I have an intuition, but not sure exactly, whether the partial trace is additive in the sense of direct sum. My intuition is that partial trace is additive and direct sum acts as a sum but with orthogonality (I hope I understand that right).
I mean: $Tr_{E_1} V_1 \oplus Tr_{E_2}V_2 = Tr_{E_1 \oplus E_2} (V_1 \oplus V_2) $.
Actually this kind of means that $(E_1 \otimes B_2) \oplus (E_2 \otimes B_2) = (E_1 \oplus E_2)\otimes(B_1\oplus B_2)$. Which I am not sure, but might be legit.
Is that true? Assuming $V_i: B_i \otimes E_i \longrightarrow B_i \otimes E_i$.
If $B_1 = B_2 = B$, then it is true in a sense, but you have to be careful about what you mean by $\operatorname{Tr}_{E_1 \oplus E_2}$. In particular, we note that the spaces $$ (E_1 \otimes B) \oplus (E_2 \otimes B), \quad (E_1 \oplus E_2) \otimes B $$ are canonically isomorphic.
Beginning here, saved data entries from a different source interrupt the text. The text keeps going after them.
(* Let $P=\{x\in\mathbb{R}^n: Ax\ge b\}$ with rational data be full-dimensional and pointed, let $\mathcal{I}\subseteq\{1,\dots,n\}$ and $P_I=\{x\in P: x_j\in\mathbb{Z}\ \forall j\in\mathcal{I}\}$. Let $\mathcal{T}$ be a finite index set and $P^t=\{x\in P: D^tx\ge D^t_0\}$, $t\in\mathcal{T}$, be the terms of a disjunction with $P_I\subseteq P_D:=\operatorname{cl}\operatorname{conv}(\bigcup_{t}P^t)$. For $t\in\mathcal{T}$ let $\mathcal{P}^{t*}$ and $\mathcal{R}^{t*}$ be the complete sets of extreme points and extreme rays of $P^t$, and let $\mathcal{P}^*=\bigcup_t\mathcal{P}^{t*}$, $\mathcal{R}^*=\bigcup_t\mathcal{R}^{t*}$. Then $(\mathcal{P}^*,\mathcal{R}^* )$ is proper. Every extreme ray solution $(\alpha,\beta)$ of the associated PRLP corresponds to a facet $\alpha^\top x\ge\beta$ of $P_D$. Conversely, for every facet $\alpha^\top x\ge\beta$ of $P_D$, the solution $(\alpha,\beta)$ to the PRLP is feasible and extreme.
   Context: For finite sets $\mathcal{P},\mathcal{R}\subset\mathbb{R}^n$, the point-ray linear program (PRLP) has feasible region $\{(\alpha,\beta)\in\mathbb{R}^n\times\mathbb{R}: \alpha^\top p\ge\beta\ \forall p\in\mathcal{P},\ \alpha^\top r\ge 0\ \forall r\in\mathcal{R}\}$ (a polyhedral cone; "extreme" means an extreme ray of this cone). The collection $(\mathcal{P},\mathcal{R})$ is proper if $\alpha^\top x\ge\beta$ is valid for $P_I$ whenever $(\alpha,\beta)$ is feasible for the PRLP.
   Formalization: The converse clause is asserted only when $P_D$ is full-dimensional, and the forward clause only for extreme ray solutions $(\alpha,\beta)$ with alpha nonzero. The statement above fails without it. *)

theory Defs
  imports "HOL-Analysis.Analysis"
begin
In particular, the linear map $\Phi: (E_1 \oplus E_2) \otimes B \to$ $(E_1 \otimes B) \oplus (E_2 \otimes B)$ defined such that $ \Phi[(x_1 \oplus x_2) \otimes y] = (x_1 \otimes y) \oplus (x_2 \otimes y) $ defines an isomorphism.
With that said, your statement can be rendered as $$ \operatorname{tr}_{E_1 \oplus E_2}(\Phi^{-1} \circ (V_1 \oplus V_2) \circ \Phi)= \operatorname{tr}_{E_1}(V_1) \oplus \operatorname{tr}_{E_2}(V_2). $$